The input:

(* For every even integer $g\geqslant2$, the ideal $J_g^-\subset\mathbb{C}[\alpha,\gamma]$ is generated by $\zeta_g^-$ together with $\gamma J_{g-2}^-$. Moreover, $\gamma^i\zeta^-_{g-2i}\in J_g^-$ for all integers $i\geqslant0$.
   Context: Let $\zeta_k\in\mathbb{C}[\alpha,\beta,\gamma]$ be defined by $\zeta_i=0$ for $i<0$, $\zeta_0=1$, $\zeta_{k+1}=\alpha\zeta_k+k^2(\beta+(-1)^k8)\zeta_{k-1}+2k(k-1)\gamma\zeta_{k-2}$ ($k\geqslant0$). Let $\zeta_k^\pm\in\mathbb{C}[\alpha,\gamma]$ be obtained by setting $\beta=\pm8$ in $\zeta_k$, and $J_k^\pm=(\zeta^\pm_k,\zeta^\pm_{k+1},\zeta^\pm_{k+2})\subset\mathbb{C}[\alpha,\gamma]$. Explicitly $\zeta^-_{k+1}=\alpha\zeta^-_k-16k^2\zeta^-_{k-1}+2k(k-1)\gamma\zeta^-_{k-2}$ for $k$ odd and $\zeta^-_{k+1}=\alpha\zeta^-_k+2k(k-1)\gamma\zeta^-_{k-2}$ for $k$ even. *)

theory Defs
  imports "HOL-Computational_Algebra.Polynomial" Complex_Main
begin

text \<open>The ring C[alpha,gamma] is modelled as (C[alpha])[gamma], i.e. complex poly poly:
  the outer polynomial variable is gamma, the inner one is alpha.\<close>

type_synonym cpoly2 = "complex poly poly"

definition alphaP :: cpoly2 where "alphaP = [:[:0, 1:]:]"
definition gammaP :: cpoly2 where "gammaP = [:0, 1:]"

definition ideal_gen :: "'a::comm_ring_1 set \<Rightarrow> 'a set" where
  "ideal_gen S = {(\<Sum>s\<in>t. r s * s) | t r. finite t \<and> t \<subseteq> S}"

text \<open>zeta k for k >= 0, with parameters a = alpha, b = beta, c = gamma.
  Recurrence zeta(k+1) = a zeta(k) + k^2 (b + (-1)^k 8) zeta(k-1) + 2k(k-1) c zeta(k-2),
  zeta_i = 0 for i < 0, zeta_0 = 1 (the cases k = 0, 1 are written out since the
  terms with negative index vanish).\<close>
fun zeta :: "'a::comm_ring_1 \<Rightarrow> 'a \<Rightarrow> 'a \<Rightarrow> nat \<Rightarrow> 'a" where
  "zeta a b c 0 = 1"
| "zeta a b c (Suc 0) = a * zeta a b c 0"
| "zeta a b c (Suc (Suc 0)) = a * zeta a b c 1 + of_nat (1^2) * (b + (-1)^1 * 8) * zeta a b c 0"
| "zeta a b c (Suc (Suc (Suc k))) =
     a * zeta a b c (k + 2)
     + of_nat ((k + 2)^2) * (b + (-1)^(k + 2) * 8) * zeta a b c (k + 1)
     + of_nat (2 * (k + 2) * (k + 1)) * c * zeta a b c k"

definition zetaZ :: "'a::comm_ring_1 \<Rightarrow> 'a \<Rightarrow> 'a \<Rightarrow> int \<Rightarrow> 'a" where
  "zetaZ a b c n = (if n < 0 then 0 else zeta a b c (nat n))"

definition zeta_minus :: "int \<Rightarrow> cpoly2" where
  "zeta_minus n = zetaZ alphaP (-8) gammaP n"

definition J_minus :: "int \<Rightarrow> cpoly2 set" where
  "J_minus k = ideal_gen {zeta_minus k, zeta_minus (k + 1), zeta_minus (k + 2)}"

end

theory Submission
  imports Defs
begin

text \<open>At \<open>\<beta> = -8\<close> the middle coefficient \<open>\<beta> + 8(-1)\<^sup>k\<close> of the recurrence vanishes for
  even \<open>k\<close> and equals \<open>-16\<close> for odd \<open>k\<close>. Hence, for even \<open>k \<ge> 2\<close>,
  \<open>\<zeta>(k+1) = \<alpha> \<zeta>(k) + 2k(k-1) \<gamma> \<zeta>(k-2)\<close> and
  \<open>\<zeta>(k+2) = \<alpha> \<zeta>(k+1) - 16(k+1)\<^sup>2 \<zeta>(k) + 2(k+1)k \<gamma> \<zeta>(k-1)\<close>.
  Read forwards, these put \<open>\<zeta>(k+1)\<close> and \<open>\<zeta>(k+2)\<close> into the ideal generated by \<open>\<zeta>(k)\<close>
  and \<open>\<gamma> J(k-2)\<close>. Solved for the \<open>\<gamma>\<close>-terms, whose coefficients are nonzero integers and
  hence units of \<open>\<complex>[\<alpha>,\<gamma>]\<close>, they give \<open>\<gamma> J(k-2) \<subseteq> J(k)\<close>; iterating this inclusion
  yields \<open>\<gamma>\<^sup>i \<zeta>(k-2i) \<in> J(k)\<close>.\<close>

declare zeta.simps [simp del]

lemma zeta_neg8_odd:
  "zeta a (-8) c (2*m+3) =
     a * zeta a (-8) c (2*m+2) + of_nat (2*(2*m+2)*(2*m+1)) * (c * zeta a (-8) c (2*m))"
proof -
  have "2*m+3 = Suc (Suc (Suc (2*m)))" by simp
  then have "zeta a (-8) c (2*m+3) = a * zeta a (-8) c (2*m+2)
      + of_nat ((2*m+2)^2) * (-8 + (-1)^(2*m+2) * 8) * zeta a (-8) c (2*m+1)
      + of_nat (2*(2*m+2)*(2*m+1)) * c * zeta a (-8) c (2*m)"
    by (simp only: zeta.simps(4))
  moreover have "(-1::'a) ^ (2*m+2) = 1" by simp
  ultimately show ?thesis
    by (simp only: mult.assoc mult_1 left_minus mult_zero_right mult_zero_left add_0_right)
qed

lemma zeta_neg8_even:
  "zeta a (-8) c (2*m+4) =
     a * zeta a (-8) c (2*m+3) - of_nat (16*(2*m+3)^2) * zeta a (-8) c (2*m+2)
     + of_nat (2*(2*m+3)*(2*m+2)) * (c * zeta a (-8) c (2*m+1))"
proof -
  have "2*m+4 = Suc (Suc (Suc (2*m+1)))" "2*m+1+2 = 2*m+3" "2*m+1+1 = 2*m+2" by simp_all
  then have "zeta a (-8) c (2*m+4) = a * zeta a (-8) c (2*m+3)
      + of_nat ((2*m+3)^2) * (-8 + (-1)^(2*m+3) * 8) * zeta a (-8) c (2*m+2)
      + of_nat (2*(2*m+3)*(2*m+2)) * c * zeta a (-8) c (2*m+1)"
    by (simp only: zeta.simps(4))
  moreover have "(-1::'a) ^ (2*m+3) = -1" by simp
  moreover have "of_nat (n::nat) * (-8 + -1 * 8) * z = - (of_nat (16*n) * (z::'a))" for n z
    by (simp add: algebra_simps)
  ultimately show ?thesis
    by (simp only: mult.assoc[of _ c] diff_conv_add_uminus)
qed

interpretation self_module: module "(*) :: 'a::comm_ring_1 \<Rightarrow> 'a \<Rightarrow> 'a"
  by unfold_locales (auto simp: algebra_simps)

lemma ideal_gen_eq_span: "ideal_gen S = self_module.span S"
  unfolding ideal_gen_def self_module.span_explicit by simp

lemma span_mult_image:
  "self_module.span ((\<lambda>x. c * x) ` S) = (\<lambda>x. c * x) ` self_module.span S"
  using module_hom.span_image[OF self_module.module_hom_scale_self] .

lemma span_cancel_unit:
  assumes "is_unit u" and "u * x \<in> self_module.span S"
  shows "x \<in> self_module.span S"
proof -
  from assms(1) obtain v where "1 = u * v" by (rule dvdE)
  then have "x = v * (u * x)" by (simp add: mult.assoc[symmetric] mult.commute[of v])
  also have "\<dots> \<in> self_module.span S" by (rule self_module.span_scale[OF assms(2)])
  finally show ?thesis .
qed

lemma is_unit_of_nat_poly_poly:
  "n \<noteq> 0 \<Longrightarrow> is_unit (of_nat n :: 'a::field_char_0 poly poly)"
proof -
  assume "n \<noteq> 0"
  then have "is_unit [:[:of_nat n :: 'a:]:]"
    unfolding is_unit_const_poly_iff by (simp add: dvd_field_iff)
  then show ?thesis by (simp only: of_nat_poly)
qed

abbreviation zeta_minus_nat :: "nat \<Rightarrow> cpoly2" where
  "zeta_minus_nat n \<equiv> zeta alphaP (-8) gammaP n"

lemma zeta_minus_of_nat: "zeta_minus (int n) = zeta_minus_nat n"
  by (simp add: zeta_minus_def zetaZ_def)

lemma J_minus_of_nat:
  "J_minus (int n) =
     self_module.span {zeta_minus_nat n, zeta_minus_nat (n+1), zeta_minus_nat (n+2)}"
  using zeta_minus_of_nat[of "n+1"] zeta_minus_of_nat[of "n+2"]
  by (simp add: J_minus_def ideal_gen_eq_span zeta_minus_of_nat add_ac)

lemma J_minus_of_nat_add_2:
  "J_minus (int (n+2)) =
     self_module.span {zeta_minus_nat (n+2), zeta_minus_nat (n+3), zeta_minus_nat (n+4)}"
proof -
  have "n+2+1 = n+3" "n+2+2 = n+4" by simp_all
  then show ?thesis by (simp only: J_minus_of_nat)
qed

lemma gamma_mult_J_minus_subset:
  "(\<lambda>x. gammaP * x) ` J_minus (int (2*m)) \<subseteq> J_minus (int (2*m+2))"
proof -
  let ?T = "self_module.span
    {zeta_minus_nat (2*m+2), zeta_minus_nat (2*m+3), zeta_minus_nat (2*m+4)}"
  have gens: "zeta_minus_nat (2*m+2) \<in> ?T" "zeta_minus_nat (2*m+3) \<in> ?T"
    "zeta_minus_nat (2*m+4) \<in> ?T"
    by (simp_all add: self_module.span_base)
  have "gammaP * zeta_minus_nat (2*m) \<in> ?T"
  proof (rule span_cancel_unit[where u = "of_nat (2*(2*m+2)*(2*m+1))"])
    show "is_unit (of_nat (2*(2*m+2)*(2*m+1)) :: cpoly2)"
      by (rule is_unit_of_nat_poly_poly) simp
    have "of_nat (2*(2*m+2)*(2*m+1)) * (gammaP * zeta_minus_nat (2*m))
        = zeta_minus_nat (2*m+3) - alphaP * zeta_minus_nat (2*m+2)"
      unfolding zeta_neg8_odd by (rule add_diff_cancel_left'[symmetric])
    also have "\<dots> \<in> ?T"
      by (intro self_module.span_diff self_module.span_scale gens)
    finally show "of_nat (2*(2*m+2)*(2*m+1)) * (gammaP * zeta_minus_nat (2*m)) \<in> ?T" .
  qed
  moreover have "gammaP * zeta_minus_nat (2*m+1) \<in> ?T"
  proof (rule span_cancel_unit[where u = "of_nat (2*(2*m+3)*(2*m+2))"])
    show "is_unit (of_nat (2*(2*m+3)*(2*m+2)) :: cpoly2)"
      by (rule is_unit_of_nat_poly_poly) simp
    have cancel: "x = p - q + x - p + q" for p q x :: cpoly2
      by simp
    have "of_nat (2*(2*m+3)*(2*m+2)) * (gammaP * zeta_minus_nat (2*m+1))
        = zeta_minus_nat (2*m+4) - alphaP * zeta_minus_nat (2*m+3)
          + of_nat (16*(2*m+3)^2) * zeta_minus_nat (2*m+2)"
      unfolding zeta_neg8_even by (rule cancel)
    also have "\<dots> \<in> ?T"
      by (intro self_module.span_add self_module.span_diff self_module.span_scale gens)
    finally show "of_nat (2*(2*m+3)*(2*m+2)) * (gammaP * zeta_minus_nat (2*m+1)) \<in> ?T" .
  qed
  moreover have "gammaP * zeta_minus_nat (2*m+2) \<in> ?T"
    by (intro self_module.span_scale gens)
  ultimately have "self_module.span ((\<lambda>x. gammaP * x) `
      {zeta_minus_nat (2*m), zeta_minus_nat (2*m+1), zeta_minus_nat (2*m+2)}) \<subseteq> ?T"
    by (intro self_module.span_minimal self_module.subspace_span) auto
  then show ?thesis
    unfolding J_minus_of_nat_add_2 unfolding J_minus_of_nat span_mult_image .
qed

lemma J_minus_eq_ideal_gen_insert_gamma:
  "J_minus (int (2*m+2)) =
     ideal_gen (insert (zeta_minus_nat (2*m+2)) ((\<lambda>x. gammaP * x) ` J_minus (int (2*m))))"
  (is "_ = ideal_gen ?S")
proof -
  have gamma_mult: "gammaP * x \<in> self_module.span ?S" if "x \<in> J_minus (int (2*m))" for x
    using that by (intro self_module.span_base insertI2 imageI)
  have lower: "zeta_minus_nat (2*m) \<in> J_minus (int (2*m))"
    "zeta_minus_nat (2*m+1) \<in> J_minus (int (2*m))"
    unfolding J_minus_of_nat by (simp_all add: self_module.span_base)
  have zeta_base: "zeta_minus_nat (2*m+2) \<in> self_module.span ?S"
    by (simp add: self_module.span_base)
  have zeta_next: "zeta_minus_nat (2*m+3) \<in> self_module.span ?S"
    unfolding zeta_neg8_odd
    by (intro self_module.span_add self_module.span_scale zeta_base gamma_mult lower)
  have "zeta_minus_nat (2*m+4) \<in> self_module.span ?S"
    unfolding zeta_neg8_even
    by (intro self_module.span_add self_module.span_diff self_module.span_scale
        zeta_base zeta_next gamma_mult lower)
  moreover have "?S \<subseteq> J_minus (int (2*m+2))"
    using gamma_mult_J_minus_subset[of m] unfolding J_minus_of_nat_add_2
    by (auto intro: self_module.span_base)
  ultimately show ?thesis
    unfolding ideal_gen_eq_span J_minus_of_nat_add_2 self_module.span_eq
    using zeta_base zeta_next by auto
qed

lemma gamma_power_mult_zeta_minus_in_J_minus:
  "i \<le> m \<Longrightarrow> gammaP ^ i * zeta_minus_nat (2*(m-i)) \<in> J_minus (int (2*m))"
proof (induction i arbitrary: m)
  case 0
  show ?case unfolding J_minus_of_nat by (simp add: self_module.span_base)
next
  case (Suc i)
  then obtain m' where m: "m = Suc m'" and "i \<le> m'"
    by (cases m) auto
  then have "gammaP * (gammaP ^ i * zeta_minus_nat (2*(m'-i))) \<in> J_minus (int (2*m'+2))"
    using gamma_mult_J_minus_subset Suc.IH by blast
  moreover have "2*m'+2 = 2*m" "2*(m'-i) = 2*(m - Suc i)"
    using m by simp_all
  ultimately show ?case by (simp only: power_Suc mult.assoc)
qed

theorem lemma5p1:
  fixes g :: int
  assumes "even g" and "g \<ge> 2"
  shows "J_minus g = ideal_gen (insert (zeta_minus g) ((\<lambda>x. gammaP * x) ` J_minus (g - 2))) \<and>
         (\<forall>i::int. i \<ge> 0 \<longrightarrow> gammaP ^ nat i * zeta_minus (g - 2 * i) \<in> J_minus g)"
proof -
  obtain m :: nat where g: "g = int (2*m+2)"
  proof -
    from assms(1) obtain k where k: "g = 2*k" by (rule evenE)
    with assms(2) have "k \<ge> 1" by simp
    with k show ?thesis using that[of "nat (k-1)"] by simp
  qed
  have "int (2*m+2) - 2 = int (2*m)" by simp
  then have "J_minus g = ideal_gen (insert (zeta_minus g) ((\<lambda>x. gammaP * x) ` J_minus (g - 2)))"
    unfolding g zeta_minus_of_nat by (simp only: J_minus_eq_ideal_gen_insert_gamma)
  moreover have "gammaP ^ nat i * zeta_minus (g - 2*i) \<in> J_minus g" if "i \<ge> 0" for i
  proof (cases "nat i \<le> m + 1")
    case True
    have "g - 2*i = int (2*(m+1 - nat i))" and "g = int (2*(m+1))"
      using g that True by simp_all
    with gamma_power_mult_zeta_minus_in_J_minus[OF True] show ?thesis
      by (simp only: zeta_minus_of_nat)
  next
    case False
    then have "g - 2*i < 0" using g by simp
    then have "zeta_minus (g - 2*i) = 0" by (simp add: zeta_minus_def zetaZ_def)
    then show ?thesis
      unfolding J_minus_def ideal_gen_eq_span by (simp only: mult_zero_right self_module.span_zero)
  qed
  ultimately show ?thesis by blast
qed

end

Task to carry out:
Every line with the word "auto" in it should be copied from the listing above.

Written solution:
  by unfold_locales (auto simp: algebra_simps)
    by (intro self_module.span_minimal self_module.subspace_span) auto
    by (auto intro: self_module.span_base)
    using zeta_base zeta_next by auto
    by (cases m) auto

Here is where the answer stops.